• What is expected: Please transcribe exactly, and only, the lines of the data below between the line holding "(\<forall>y. y \<subseteq>" and the line holding "unfolding base_def by (rule", inclusive.

• Dataset entries:
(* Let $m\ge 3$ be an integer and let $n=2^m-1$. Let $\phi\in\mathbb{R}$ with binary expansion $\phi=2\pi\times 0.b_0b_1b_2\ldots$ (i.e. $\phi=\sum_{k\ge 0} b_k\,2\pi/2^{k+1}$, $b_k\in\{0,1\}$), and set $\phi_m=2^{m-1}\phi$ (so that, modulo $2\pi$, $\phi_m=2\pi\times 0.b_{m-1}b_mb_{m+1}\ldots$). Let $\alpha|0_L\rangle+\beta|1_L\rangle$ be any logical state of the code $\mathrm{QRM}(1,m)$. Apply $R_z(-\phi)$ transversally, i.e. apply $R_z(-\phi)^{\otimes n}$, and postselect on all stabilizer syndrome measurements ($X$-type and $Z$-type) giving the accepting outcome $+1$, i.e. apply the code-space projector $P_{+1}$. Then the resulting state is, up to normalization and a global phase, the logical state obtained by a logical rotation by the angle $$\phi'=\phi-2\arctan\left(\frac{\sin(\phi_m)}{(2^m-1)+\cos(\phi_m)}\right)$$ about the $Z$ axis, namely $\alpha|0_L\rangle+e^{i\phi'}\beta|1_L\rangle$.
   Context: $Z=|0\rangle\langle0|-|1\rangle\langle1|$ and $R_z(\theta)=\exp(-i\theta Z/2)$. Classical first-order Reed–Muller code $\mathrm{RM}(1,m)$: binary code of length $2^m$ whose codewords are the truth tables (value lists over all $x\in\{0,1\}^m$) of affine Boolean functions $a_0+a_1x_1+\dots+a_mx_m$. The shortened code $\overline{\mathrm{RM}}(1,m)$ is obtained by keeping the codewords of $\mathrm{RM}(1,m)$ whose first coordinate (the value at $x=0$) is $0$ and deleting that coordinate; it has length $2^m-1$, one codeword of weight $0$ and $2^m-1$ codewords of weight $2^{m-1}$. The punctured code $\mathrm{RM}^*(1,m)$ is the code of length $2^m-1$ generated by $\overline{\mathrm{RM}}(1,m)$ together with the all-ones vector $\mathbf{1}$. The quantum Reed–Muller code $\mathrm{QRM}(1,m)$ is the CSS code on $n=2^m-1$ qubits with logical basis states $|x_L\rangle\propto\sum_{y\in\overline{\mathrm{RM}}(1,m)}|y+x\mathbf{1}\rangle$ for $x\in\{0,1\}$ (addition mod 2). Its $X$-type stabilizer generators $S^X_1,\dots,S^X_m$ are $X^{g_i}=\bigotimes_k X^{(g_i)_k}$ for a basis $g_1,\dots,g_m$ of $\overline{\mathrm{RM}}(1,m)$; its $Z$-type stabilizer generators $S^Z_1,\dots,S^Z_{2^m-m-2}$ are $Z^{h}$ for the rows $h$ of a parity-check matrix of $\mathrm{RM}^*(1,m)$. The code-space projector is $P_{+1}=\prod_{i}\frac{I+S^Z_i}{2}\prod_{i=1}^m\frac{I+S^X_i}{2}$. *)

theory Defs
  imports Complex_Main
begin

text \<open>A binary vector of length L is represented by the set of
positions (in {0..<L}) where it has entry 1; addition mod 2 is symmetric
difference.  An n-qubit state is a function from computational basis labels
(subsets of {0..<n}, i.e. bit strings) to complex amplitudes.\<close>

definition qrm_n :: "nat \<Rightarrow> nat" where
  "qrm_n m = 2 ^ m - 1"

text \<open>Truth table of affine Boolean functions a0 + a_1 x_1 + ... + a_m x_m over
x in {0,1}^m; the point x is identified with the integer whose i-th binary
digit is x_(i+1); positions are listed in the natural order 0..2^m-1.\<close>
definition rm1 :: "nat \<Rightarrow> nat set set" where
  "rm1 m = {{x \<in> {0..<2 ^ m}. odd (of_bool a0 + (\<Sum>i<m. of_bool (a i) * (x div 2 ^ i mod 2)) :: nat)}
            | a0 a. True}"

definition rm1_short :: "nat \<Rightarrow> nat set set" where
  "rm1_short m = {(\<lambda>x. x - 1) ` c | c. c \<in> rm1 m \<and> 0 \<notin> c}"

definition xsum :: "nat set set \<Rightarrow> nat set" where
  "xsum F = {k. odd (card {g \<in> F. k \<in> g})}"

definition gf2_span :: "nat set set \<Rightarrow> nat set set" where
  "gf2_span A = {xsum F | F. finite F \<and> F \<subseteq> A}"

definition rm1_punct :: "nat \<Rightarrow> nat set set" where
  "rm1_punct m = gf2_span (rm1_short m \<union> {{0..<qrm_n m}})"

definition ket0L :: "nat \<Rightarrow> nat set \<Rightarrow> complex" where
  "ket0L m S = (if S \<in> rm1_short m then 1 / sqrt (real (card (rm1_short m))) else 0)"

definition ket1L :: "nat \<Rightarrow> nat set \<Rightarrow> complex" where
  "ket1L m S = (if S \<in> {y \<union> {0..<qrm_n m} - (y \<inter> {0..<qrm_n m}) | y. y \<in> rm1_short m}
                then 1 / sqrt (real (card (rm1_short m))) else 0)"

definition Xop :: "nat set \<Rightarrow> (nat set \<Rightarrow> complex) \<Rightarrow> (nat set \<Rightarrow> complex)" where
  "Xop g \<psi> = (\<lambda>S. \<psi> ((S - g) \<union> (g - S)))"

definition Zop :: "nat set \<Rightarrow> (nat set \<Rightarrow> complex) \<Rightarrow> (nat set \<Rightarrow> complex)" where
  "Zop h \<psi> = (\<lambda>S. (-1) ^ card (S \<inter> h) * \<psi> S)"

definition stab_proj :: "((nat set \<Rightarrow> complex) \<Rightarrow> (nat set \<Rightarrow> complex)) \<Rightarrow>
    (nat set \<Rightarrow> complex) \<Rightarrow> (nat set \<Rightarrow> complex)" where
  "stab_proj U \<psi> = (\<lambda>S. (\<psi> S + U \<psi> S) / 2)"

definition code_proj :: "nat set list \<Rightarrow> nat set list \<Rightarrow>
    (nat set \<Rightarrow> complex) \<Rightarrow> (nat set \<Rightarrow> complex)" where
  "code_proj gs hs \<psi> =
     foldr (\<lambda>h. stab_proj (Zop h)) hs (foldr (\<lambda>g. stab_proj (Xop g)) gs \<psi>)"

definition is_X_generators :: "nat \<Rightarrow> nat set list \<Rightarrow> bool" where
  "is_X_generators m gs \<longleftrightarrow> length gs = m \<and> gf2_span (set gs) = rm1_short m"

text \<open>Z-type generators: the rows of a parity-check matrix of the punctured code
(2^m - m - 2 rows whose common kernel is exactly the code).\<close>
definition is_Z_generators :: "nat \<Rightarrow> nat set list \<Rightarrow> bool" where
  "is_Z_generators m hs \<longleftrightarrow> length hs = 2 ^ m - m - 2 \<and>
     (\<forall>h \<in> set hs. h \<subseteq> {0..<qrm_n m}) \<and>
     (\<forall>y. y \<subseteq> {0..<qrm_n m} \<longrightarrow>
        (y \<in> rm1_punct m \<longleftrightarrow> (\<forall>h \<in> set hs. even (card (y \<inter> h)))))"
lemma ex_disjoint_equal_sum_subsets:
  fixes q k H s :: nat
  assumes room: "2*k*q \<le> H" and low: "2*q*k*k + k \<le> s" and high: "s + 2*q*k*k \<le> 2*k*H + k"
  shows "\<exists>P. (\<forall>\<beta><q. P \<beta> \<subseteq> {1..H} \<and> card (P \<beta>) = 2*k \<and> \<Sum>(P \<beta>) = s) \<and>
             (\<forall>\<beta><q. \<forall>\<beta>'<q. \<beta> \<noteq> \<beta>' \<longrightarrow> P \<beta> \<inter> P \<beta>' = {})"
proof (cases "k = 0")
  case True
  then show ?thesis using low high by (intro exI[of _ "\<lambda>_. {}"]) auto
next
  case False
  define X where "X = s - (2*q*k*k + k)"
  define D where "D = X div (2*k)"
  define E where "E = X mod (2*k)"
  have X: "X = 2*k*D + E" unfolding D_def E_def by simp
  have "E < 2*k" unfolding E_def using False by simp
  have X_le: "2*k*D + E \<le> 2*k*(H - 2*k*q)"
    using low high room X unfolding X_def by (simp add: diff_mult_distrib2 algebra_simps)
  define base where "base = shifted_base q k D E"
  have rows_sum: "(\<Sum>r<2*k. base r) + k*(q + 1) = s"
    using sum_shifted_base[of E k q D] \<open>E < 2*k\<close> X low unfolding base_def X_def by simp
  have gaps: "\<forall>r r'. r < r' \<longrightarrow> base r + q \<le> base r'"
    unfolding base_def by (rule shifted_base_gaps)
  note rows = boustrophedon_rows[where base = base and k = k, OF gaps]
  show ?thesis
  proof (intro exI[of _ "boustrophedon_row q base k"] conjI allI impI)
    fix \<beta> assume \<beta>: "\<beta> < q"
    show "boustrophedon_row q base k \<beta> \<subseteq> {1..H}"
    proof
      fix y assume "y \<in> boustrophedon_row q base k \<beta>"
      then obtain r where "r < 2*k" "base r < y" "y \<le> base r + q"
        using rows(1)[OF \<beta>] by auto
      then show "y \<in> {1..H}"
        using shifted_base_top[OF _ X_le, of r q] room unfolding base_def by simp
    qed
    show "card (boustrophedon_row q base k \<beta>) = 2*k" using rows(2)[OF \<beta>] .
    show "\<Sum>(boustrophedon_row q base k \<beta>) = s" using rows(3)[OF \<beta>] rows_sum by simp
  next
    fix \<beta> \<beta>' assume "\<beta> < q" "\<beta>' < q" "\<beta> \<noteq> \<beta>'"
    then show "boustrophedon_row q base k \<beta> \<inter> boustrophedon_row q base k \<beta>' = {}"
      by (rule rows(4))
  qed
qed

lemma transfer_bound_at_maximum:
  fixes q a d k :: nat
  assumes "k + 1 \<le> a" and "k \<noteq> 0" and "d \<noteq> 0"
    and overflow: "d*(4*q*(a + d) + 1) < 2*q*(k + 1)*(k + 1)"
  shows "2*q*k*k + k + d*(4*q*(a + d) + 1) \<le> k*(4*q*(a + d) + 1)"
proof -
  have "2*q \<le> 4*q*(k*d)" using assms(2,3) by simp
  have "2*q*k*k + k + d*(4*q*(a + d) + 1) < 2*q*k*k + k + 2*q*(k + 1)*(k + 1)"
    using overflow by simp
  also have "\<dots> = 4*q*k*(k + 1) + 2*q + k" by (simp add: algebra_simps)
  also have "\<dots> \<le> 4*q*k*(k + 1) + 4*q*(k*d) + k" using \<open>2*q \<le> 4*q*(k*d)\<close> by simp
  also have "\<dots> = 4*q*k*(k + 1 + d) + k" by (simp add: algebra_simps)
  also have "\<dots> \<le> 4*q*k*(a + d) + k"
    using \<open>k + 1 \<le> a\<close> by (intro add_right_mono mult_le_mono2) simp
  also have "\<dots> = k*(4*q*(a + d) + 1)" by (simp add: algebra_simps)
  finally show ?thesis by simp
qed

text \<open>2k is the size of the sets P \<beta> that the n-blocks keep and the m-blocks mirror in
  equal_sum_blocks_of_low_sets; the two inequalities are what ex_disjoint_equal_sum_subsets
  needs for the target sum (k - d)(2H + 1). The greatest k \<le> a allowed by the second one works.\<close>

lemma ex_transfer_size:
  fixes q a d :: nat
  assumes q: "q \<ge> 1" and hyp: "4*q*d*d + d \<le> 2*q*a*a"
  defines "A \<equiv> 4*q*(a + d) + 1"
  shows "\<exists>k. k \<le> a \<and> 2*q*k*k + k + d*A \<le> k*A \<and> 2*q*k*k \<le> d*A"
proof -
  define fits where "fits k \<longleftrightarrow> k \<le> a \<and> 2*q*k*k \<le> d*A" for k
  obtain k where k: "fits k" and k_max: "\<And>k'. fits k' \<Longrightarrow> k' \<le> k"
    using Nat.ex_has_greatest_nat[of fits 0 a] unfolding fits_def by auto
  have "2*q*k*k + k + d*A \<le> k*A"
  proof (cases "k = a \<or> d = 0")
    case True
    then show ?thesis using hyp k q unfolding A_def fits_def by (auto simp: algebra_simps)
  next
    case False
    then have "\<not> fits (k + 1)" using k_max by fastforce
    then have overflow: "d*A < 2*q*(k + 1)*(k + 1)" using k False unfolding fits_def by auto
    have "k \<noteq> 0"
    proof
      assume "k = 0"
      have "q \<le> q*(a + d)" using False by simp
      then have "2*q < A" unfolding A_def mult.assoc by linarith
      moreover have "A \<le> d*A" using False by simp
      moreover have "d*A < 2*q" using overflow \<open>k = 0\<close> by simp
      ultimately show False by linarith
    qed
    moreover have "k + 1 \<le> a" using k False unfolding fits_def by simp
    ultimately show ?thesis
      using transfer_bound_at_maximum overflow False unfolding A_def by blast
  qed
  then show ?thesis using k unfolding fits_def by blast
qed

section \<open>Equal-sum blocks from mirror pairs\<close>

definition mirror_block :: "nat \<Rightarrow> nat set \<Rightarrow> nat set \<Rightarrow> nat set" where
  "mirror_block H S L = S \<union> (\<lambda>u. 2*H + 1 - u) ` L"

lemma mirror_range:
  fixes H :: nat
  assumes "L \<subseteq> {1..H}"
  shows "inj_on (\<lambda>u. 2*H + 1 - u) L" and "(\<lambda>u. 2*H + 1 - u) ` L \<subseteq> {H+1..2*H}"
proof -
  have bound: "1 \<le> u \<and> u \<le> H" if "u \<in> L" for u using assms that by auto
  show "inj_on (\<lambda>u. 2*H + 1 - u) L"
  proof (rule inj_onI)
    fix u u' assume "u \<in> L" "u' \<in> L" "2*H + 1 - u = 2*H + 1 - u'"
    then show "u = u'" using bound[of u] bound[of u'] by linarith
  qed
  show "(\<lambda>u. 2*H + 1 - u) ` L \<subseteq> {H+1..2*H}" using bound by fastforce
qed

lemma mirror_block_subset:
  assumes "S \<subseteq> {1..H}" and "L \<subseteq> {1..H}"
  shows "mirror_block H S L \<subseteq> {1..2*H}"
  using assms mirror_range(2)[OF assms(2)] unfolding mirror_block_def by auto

---

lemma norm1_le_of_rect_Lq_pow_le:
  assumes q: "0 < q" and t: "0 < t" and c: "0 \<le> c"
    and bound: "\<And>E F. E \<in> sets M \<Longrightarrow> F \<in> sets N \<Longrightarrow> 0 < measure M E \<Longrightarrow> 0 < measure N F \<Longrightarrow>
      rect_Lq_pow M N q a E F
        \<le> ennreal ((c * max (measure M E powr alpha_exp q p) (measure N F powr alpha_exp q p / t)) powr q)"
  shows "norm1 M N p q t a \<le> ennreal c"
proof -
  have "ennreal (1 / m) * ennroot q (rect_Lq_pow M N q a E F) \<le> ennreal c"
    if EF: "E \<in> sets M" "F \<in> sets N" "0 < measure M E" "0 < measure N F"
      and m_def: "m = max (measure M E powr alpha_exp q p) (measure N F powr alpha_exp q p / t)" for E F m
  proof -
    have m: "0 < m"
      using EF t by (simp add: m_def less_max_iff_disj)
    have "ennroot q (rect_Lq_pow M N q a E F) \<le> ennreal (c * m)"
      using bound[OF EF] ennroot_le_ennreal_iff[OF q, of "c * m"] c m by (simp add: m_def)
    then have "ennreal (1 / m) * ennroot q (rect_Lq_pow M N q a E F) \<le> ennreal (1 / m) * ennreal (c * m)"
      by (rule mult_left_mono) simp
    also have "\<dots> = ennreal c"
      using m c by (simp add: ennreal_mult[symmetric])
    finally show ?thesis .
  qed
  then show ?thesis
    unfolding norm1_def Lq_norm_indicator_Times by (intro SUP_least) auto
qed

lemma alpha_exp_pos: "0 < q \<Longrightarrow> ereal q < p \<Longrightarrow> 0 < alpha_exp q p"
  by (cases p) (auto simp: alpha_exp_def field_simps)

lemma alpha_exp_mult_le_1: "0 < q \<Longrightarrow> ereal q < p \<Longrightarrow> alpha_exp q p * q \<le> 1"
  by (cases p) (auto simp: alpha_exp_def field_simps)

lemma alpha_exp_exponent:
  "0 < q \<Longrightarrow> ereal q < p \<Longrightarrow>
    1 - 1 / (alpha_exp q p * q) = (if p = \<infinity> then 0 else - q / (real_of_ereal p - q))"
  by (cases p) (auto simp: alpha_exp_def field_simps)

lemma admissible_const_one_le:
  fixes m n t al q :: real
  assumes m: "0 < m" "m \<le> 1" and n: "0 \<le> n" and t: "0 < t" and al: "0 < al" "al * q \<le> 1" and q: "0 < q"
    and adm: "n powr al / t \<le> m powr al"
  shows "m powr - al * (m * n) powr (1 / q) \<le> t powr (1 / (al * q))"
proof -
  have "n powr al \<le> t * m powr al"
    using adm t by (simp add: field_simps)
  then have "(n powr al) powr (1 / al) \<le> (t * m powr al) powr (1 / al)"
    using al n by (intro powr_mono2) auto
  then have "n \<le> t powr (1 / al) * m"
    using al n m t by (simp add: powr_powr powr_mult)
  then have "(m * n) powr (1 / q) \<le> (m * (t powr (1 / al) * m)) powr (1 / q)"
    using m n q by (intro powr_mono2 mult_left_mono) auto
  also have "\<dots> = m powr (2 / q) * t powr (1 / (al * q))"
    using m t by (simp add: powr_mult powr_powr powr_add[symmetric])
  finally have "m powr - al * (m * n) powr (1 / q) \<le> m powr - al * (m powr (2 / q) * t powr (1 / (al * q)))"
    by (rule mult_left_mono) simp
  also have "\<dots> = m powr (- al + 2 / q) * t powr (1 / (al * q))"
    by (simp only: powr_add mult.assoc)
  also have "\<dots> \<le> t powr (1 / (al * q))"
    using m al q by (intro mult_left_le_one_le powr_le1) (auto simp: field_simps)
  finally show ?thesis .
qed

==

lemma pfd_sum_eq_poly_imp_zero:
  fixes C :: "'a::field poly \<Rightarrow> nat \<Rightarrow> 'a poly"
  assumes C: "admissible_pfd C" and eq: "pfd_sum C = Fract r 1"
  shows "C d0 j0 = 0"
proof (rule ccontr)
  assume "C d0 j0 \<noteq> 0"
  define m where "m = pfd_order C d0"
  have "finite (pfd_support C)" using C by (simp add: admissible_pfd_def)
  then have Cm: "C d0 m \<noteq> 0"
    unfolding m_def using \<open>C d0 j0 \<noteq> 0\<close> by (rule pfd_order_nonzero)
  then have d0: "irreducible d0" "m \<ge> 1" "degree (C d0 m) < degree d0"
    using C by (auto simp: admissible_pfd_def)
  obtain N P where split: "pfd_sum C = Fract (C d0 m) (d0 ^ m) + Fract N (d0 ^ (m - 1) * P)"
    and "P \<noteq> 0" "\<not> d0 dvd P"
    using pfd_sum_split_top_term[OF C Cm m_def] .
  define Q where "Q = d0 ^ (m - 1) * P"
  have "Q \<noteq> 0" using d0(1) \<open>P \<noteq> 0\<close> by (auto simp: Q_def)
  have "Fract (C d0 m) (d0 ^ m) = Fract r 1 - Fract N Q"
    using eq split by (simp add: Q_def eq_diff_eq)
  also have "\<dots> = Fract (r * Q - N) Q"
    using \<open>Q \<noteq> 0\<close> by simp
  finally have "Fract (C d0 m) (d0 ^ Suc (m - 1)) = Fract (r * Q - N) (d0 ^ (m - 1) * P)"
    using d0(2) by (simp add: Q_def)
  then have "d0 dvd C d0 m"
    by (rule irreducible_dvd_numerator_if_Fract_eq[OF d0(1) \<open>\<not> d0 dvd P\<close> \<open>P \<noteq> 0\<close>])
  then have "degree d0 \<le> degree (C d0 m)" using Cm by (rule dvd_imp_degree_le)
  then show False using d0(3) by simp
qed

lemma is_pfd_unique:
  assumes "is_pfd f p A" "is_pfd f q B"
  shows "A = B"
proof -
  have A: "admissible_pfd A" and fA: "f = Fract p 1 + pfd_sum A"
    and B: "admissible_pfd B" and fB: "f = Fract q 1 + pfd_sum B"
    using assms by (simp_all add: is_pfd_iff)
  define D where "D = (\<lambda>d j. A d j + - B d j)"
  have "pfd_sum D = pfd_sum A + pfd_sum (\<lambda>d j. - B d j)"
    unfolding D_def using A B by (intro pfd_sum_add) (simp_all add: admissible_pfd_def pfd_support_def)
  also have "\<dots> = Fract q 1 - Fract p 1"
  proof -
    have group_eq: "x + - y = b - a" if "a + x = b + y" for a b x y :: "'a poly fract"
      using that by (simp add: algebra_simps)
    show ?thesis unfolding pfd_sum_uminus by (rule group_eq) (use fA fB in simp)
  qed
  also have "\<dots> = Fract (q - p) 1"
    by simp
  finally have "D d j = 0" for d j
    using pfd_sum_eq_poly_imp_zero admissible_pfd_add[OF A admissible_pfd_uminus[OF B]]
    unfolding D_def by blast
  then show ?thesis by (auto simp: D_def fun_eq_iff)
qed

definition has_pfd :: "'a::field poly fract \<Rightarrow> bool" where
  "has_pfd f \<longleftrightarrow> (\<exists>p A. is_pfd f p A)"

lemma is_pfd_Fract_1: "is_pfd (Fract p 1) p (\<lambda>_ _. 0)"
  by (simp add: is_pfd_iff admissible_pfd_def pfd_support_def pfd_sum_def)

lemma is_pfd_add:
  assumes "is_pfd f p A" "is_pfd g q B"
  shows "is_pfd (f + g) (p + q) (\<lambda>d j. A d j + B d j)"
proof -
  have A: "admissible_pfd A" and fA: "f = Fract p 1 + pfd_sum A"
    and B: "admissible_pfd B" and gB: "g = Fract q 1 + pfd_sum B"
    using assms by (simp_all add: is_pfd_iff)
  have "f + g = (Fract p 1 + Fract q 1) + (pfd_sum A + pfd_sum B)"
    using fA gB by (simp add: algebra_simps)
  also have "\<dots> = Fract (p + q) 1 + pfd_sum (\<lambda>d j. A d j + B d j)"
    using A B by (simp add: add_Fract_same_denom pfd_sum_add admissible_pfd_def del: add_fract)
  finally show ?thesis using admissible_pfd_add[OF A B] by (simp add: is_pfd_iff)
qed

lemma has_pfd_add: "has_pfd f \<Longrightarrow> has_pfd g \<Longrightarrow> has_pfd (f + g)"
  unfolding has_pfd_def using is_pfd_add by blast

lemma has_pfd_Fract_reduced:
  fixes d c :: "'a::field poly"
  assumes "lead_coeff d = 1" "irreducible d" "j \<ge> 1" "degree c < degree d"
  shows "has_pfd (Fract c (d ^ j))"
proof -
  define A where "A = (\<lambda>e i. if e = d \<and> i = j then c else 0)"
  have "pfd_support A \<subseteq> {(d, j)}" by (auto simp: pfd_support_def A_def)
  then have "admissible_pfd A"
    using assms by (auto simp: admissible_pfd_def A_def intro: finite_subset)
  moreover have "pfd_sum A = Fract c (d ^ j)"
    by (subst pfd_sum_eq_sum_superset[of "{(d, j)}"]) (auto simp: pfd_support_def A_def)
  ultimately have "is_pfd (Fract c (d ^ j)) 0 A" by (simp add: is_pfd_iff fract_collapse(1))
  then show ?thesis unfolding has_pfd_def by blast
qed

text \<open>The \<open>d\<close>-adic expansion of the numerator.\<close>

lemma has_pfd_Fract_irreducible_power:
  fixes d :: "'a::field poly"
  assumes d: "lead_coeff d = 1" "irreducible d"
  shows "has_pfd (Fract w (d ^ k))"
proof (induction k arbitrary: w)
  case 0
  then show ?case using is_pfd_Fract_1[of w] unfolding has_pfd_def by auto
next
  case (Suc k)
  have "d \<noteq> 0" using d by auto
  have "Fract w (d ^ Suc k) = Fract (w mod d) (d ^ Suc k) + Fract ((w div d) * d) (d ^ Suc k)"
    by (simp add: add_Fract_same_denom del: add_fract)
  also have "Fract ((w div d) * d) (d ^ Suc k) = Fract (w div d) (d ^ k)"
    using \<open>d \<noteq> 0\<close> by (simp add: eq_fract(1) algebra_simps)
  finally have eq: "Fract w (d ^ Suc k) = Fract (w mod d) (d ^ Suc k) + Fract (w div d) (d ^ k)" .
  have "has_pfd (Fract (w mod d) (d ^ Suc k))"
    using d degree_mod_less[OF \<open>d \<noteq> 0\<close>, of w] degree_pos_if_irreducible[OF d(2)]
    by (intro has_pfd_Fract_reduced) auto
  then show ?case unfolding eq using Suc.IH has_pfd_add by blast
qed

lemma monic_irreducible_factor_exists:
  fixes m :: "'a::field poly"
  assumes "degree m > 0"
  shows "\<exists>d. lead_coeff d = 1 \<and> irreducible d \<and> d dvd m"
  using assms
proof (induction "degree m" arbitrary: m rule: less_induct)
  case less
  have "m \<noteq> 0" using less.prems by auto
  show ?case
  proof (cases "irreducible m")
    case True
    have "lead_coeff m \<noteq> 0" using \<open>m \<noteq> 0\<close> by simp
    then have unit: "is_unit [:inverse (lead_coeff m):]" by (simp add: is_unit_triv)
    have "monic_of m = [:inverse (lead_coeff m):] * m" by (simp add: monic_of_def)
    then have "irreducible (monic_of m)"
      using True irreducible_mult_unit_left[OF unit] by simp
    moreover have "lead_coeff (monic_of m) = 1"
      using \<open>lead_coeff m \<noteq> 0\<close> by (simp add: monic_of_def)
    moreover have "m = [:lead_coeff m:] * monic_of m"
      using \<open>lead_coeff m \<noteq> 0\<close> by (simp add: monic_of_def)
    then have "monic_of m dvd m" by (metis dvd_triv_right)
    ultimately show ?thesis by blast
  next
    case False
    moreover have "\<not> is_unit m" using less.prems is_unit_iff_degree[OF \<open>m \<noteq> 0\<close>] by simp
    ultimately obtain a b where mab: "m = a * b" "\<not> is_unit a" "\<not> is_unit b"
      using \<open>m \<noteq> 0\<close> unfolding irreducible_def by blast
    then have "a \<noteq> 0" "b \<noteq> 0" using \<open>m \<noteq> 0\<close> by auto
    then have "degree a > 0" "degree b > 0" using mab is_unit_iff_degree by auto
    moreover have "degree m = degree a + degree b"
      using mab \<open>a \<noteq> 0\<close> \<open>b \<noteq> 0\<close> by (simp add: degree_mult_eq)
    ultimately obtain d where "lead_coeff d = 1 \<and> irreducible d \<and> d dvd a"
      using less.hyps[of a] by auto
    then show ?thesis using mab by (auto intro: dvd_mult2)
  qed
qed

• Exercise response:
     (\<forall>y. y \<subseteq> {0..<qrm_n m} \<longrightarrow>
        (y \<in> rm1_punct m \<longleftrightarrow> (\<forall>h \<in> set hs. even (card (y \<inter> h)))))"
lemma ex_disjoint_equal_sum_subsets:
  fixes q k H s :: nat
  assumes room: "2*k*q \<le> H" and low: "2*q*k*k + k \<le> s" and high: "s + 2*q*k*k \<le> 2*k*H + k"
  shows "\<exists>P. (\<forall>\<beta><q. P \<beta> \<subseteq> {1..H} \<and> card (P \<beta>) = 2*k \<and> \<Sum>(P \<beta>) = s) \<and>
             (\<forall>\<beta><q. \<forall>\<beta>'<q. \<beta> \<noteq> \<beta>' \<longrightarrow> P \<beta> \<inter> P \<beta>' = {})"
proof (cases "k = 0")
  case True
  then show ?thesis using low high by (intro exI[of _ "\<lambda>_. {}"]) auto
next
  case False
  define X where "X = s - (2*q*k*k + k)"
  define D where "D = X div (2*k)"
  define E where "E = X mod (2*k)"
  have X: "X = 2*k*D + E" unfolding D_def E_def by simp
  have "E < 2*k" unfolding E_def using False by simp
  have X_le: "2*k*D + E \<le> 2*k*(H - 2*k*q)"
    using low high room X unfolding X_def by (simp add: diff_mult_distrib2 algebra_simps)
  define base where "base = shifted_base q k D E"
  have rows_sum: "(\<Sum>r<2*k. base r) + k*(q + 1) = s"
    using sum_shifted_base[of E k q D] \<open>E < 2*k\<close> X low unfolding base_def X_def by simp
  have gaps: "\<forall>r r'. r < r' \<longrightarrow> base r + q \<le> base r'"
    unfolding base_def by (rule shifted_base_gaps)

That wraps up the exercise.